lemma fold_comp_eq_comp_list:
  fixes g :: "'a \<Rightarrow> 'a"
  shows "fold (\<circ>) fs g = comp_list fs \<circ> g"
proof (induction fs arbitrary: g)
  case (Cons f fs)
  have "comp_list (f # fs) = comp_list fs \<circ> f"
    using Cons.IH[of f] unfolding comp_list_def fold_Cons comp_apply comp_id .
  then show ?case using Cons.IH[of "f \<circ> g"] by (simp add: o_assoc)
qed (simp add: comp_list_def)

lemma comp_list_Nil [simp]: "comp_list [] = id"
  by (simp add: comp_list_def)

lemma comp_list_append [simp]: "comp_list (xs @ ys) = comp_list ys \<circ> comp_list xs"
  using fold_comp_eq_comp_list[of ys "comp_list xs"] by (simp add: comp_list_def)

lemma comp_list_Cons: "comp_list (f # fs) = comp_list fs \<circ> f"
  using comp_list_append[of "[f]" fs] by (simp add: comp_list_def)

lemma comp_list_eq_if_pairs_agree:
  assumes len: "length gs = length fs"
    and T: "\<And>s. s \<in> T \<Longrightarrow> Suc s < length fs \<and> Suc s \<notin> T"
    and outside: "\<And>k. k < length fs \<Longrightarrow> k \<notin> T \<Longrightarrow> k \<notin> Suc ` T \<Longrightarrow> gs ! k = fs ! k"
    and pairs: "\<And>s. s \<in> T \<Longrightarrow> gs ! Suc s \<circ> gs ! s = fs ! Suc s \<circ> fs ! s"
  shows "comp_list gs = comp_list fs"
proof -
  have "comp_list (take n gs) = comp_list (take n fs)" if "n \<le> length fs" "n \<notin> Suc ` T" for n
    using that
  proof (induction n rule: less_induct)
    case (less n)
    show ?case
    proof (cases n)
      case (Suc k)
      show ?thesis
      proof (cases "k \<in> Suc ` T")
        case False
        have "k \<notin> T" using less.prems(2) Suc by blast
        then show ?thesis
          using less.IH[of k] less.prems(1) outside[of k] False Suc len
          by (simp add: take_Suc_conv_app_nth)
      next
        case True
        then obtain s where s: "k = Suc s" "s \<in> T" by blast
        have "s \<notin> Suc ` T" using s(2) T by blast
        then show ?thesis
          using less.IH[of s] less.prems(1) pairs[OF s(2)] Suc s len
          by (simp add: take_Suc_conv_app_nth comp_list_Cons o_assoc)
      qed
    qed simp
  qed
  moreover have "length fs \<notin> Suc ` T" using T by fastforce
  ultimately have "comp_list (take (length fs) gs) = comp_list (take (length fs) fs)" by blast
  then show ?thesis using len by simp
qed

definition remove_pair :: "nat \<Rightarrow> 'a list \<Rightarrow> 'a list" where
  "remove_pair i xs = take i xs @ drop (Suc (Suc i)) xs"

definition skip_pair :: "nat \<Rightarrow> nat \<Rightarrow> nat" where
  "skip_pair i k = (if k < i then k else Suc (Suc k))"

lemma length_remove_pair: "Suc i < length xs \<Longrightarrow> length (remove_pair i xs) = length xs - 2"
  by (simp add: remove_pair_def)

lemma nth_remove_pair:
  "Suc i < length xs \<Longrightarrow> k < length xs - 2 \<Longrightarrow> remove_pair i xs ! k = xs ! skip_pair i k"
  by (simp add: remove_pair_def skip_pair_def nth_append)

lemma nths_remove_pair: "nths xs (- {i, Suc i}) = remove_pair i xs"
proof (cases "i \<le> length xs")
  case True
  have "nths (drop i xs) {j. j + i \<in> - {i, Suc i}} = nths (drop i xs) {j. j \<ge> 2}"
    by (rule arg_cong[where f = "nths _"]) auto
  also have "\<dots> = drop (Suc (Suc i)) xs" by (simp add: drop_eq_nths[symmetric])
  finally show ?thesis
    using True nths_append[of "take i xs" "drop i xs"] nths_all[of "take i xs" "- {i, Suc i}"]
    by (simp add: remove_pair_def min_absorb2)
next
  case False
  then show ?thesis by (simp add: remove_pair_def nths_all)
qed

lemma comp_list_remove_pair:
  assumes "Suc i < length fs" and "fs ! Suc i \<circ> fs ! i = id"
  shows "comp_list (remove_pair i fs) = comp_list fs"
proof -
  have "fs = take i fs @ [fs ! i, fs ! Suc i] @ drop (Suc (Suc i)) fs"
    using assms(1) by (simp add: Cons_nth_drop_Suc)
  then have "comp_list fs =
      comp_list (drop (Suc (Suc i)) fs) \<circ> (fs ! Suc i \<circ> fs ! i) \<circ> comp_list (take i fs)"
    by (metis comp_list_append comp_list_Cons comp_list_Nil o_assoc id_o append_Cons append_Nil)
  then show ?thesis using assms(2) by (simp add: remove_pair_def)
qed

lemma nths_cong: "(\<And>k. k < length xs \<Longrightarrow> k \<in> A \<longleftrightarrow> k \<in> B) \<Longrightarrow> nths xs A = nths xs B"
  unfolding nths_def by (auto intro!: arg_cong[where f = "map fst"] filter_cong simp: set_zip)

lemma nths_remove_two_pairs:
  assumes "Suc i < j" "j \<le> length xs"
  shows "nths xs (- {i, Suc i, j, Suc j}) = remove_pair i (remove_pair j xs)"
proof -
  have "nths (take j xs) (- {i, Suc i, j, Suc j}) = nths (take j xs) (- {i, Suc i})"
    by (rule nths_cong) auto
  moreover have
    "nths (drop j xs) {n. n + j \<in> - {i, Suc i, j, Suc j}} = nths (drop j xs) {n. n \<ge> 2}"
    using assms(1) by (intro arg_cong[where f = "nths _"]) auto
  ultimately have "nths xs (- {i, Suc i, j, Suc j}) = remove_pair i (take j xs) @ drop (Suc (Suc j)) xs"
    using assms nths_append[of "take j xs" "drop j xs"]
    by (simp add: nths_remove_pair drop_eq_nths[symmetric] min_absorb2)
  then show ?thesis using assms by (simp add: remove_pair_def)
qed

section \<open>Pass maps\<close>

text \<open>The bijection \<open>\<beta>\<^sub>L\<^sup>j\<^sup>k\<close> of a pass under (resp. over) a crossing of sign \<open>s\<close>,
  where \<open>l\<close> and \<open>l'\<close> are the colours of the incoming and outgoing semiarcs of the other
  strand.\<close>

definition beta_under :: "('x \<Rightarrow> 'x \<Rightarrow> 'x) \<Rightarrow> bool \<Rightarrow> 'x \<Rightarrow> 'x \<Rightarrow> 'x \<Rightarrow> 'x" where
  "beta_under \<beta> s l l' = (if s then \<beta> l' else inv (\<beta> l))"

definition beta_over :: "('x \<Rightarrow> 'x \<Rightarrow> 'x) \<Rightarrow> bool \<Rightarrow> 'x \<Rightarrow> 'x \<Rightarrow> 'x \<Rightarrow> 'x" where
  "beta_over \<beta> s l l' = (if s then inv (\<beta> l) else \<beta> l')"

lemma
  assumes "\<And>a. bij (\<beta> a)"
  shows beta_over_comp_beta_under: "beta_over \<beta> s l l' \<circ> beta_under \<beta> s l' l = id"
    and beta_under_comp_beta_over: "beta_under \<beta> s l l' \<circ> beta_over \<beta> s l' l = id"
    and beta_under_opposite_cancel: "beta_under \<beta> (\<not> s) l l' \<circ> beta_under \<beta> s l' l = id"
    and beta_over_opposite_cancel: "beta_over \<beta> (\<not> s) l l' \<circ> beta_over \<beta> s l' l = id"
  using assms by (simp_all add: beta_under_def beta_over_def bij_is_inj inv_o_cancel
      surj_iff[THEN iffD1] bij_is_surj)

lemma pos_of_eqI: "distinct P \<Longrightarrow> i < length P \<Longrightarrow> P ! i = a \<Longrightarrow> pos_of P a = i"
  unfolding pos_of_def by (rule the_equality) (auto simp: nth_eq_iff_index_eq)

lemma pos_of_in_set:
  assumes "distinct P" "a \<in> set P"
  shows "pos_of P a < length P" "P ! pos_of P a = a"
proof -
  obtain i where "i < length P" "P ! i = a" using assms(2) by (auto simp: in_set_conv_nth)
  then show "pos_of P a < length P" "P ! pos_of P a = a" using pos_of_eqI[OF assms(1)] by auto
qed

lemma wf_diag_distinct: "wf_diag P \<Longrightarrow> distinct P"
  by (simp add: wf_diag_def)

lemma wf_diag_partner: "wf_diag P \<Longrightarrow> (c, ov) \<in> set P \<Longrightarrow> (c, \<not> ov) \<in> set P"
  by (simp add: wf_diag_def)

lemma blw_eq_comp_list: "blw \<beta> P sg C = comp_list (map (pass_map \<beta> P sg C) [0..<length P])"
  unfolding blw_def comp_list_def foldl_conv_fold fold_map by (simp add: comp_def[abs_def])

lemma pass_map_nth:
  assumes "distinct P" "p < length P" "P ! p = (c, False)" "q < length P" "P ! q = (c, True)"
  shows pass_map_nth_under: "pass_map \<beta> P sg C p = beta_under \<beta> (sg c) (C ! q) (C ! Suc q)"
    and pass_map_nth_over: "pass_map \<beta> P sg C q = beta_over \<beta> (sg c) (C ! p) (C ! Suc p)"
  using assms pos_of_eqI[OF assms(1,2,3)] pos_of_eqI[OF assms(1,4,5)]
  by (simp_all add: pass_map_def beta_under_def beta_over_def)

lemma pass_map_cong:
  assumes "P' ! k' = (c, ov)" "P ! k = (c, ov)" "sg' c = sg c"
    and "C' ! pos_of P' (c, \<not> ov) = C ! pos_of P (c, \<not> ov)"
    and "C' ! Suc (pos_of P' (c, \<not> ov)) = C ! Suc (pos_of P (c, \<not> ov))"
  shows "pass_map \<beta> P' sg' C' k' = pass_map \<beta> P sg C k"
  using assms by (cases ov) (simp_all add: pass_map_def Let_def)

lemma pass_map_reindex:
  assumes wf: "wf_diag P" "wf_diag P'" and signs: "sgn_agree P' sg sg'"
    and e: "\<And>k. k < length P' \<Longrightarrow>
      e k < length P \<and> P' ! k = P ! e k \<and> C' ! k = C ! e k \<and> C' ! Suc k = C ! Suc (e k)"
    and k: "k < length P'"
  shows "pass_map \<beta> P' sg' C' k = pass_map \<beta> P sg C (e k)"
proof -
  obtain c ov where pass: "P' ! k = (c, ov)" by (cases "P' ! k")
  have "(c, \<not> ov) \<in> set P'"
    using wf_diag_partner[OF wf(2)] nth_mem[OF k] pass by metis
  then have partner: "pos_of P' (c, \<not> ov) < length P'" "P' ! pos_of P' (c, \<not> ov) = (c, \<not> ov)"
    using pos_of_in_set wf_diag_distinct[OF wf(2)] by blast+
  then have "pos_of P (c, \<not> ov) = e (pos_of P' (c, \<not> ov))"
    using e pos_of_eqI[OF wf_diag_distinct[OF wf(1)]] by metis
  moreover have "sg' c = sg c"
    using signs pass nth_mem[OF k] unfolding sgn_agree_def by force
  ultimately show ?thesis
    using pass e[OF k] e[OF partner(1)] by (intro pass_map_cong[where c = c and ov = ov]) auto
qed
(* Let $k\ge1$ be an integer, $a\in\{0,1\}$, $\delta=\delta_{a,1}$. For every integer $M\ge0$, $$\sum_{\substack{n_1,\dots,n_{k+1}\ge0\\ n_{k+1}\equiv a\ (\mathrm{mod}\ 2)}}\frac{q^{N_1^2+\cdots+N_{k+1}^2}(q)_{2M}}{(q)_{M-N_1}(q)_{n_1}\cdots(q)_{n_k}(q^2;q^2)_{n_{k+1}}(q;q^2)_{n_k+n_{k+1}}}$$ $$=\sum_{j\in\mathbb Z}q^{12(2+3k)j^2+2j(1-6\delta(1+k))+(1+k)\delta}\begin{bmatrix}2M\\ M-6j+a\end{bmatrix}_q-\sum_{j\in\mathbb Z}q^{12(2+3k)j^2+2j(-7-12k-6\delta(1+k))+2+k(a+2)^2+5\delta}\begin{bmatrix}2M\\ M-6j+a+2\end{bmatrix}_q,$$ where $N_i:=n_i+n_{i+1}+\cdots+n_{k+1}$ for $1\le i\le k+1$.
   Context: $q$ is complex with $|q|<1$. $(a;q)_n=\prod_{j=0}^{n-1}(1-aq^j)$ for $n\ge0$; $(q)_n=(q;q)_n$; $1/(q)_n:=0$ for $n<0$. The Gaussian binomial is $\begin{bmatrix}n+m\\ n\end{bmatrix}_q=\frac{(q)_{n+m}}{(q)_n(q)_m}$ if $n,m$ are nonnegative integers and $0$ otherwise. $\delta_{a,1}$ is the Kronecker delta. *)

theory Defs
  imports "HOL-Analysis.Analysis"
begin

definition qpoch :: "complex \<Rightarrow> complex \<Rightarrow> nat \<Rightarrow> complex" where
  "qpoch a q n = (\<Prod>j<n. (1 - a * q ^ j))"

definition inv_qfac :: "complex \<Rightarrow> int \<Rightarrow> complex" where
  "inv_qfac q n = (if n < 0 then 0 else 1 / qpoch q q (nat n))"

definition qbinom :: "complex \<Rightarrow> int \<Rightarrow> int \<Rightarrow> complex" where
  "qbinom q T B = (if 0 \<le> B \<and> 0 \<le> T - B
      then qpoch q q (nat T) / (qpoch q q (nat B) * qpoch q q (nat (T - B))) else 0)"

end

theory Submission
  imports Defs
begin

(*
  A Bailey-chain proof of the identity.

  Put  beta_0(N) = sum over s <= N, s == a (mod 2), of q^(s^2) / ((q^2;q^2)_s (q)_(N-s) (q;q^2)_N).

  1. Base identity (k = 0).  (q)_(2N) beta_0(N) is a difference of two theta-weighted sums of
     Gaussian binomials [2N; N-6j+a] and [2N; N-6j+a+2].  Multiplied out (Lsum resp. R), both
     sides satisfy the same coupled second-order recurrence in N, jointly for the parities a = 0, 1,
     and agree for N = 0, 1.  For R the recurrence comes from the q-Pascal rules applied to theta
     sums; for Lsum from the recurrence of 1/(q)_n.
  2. Bailey lemma.  For the pairs 1/((q)_(N-r) (q)_(N+r)),
       sum_(N <= X) q^(N^2) / (q)_(X-N) * 1/((q)_(N-r) (q)_(N+r)) = q^(r^2) / ((q)_(X-r) (q)_(X+r)),
     a shifted form of a finite Durfee-rectangle identity.  Iterating it k times on the expansion
     of step 1 adds k r^2 to the exponents and yields beta_k(X).
  3. The k-fold multisum of the theorem equals beta_k(M): peel off n_1 and induct on k.
  Finally (q)_(2M) / ((q)_(M-r) (q)_(M+r)) = [2M; M-r], which is the theorem.
*)


lemma one_minus_power_nonzero:
  fixes q :: complex
  assumes "norm q < 1" "n > 0"
  shows "1 - q ^ n \<noteq> 0"
proof
  assume "1 - q ^ n = 0"
  hence "norm (q ^ n) = 1" by simp
  moreover have "norm (q ^ n) < 1"
    using assms by (simp add: norm_power power_less_one_iff)
  ultimately show False by simp
qed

-*-

*EXERCISE OBJECTIVE:*
Go through the listing above and find each line containing the string "blast"; copy those lines.

*RESPONSE TO THE TASK:*
        have "k \<notin> T" using less.prems(2) Suc by blast
        then obtain s where s: "k = Suc s" "s \<in> T" by blast
        have "s \<notin> Suc ` T" using s(2) T by blast
  ultimately have "comp_list (take (length fs) gs) = comp_list (take (length fs) fs)" by blast
    using pos_of_in_set wf_diag_distinct[OF wf(2)] by blast+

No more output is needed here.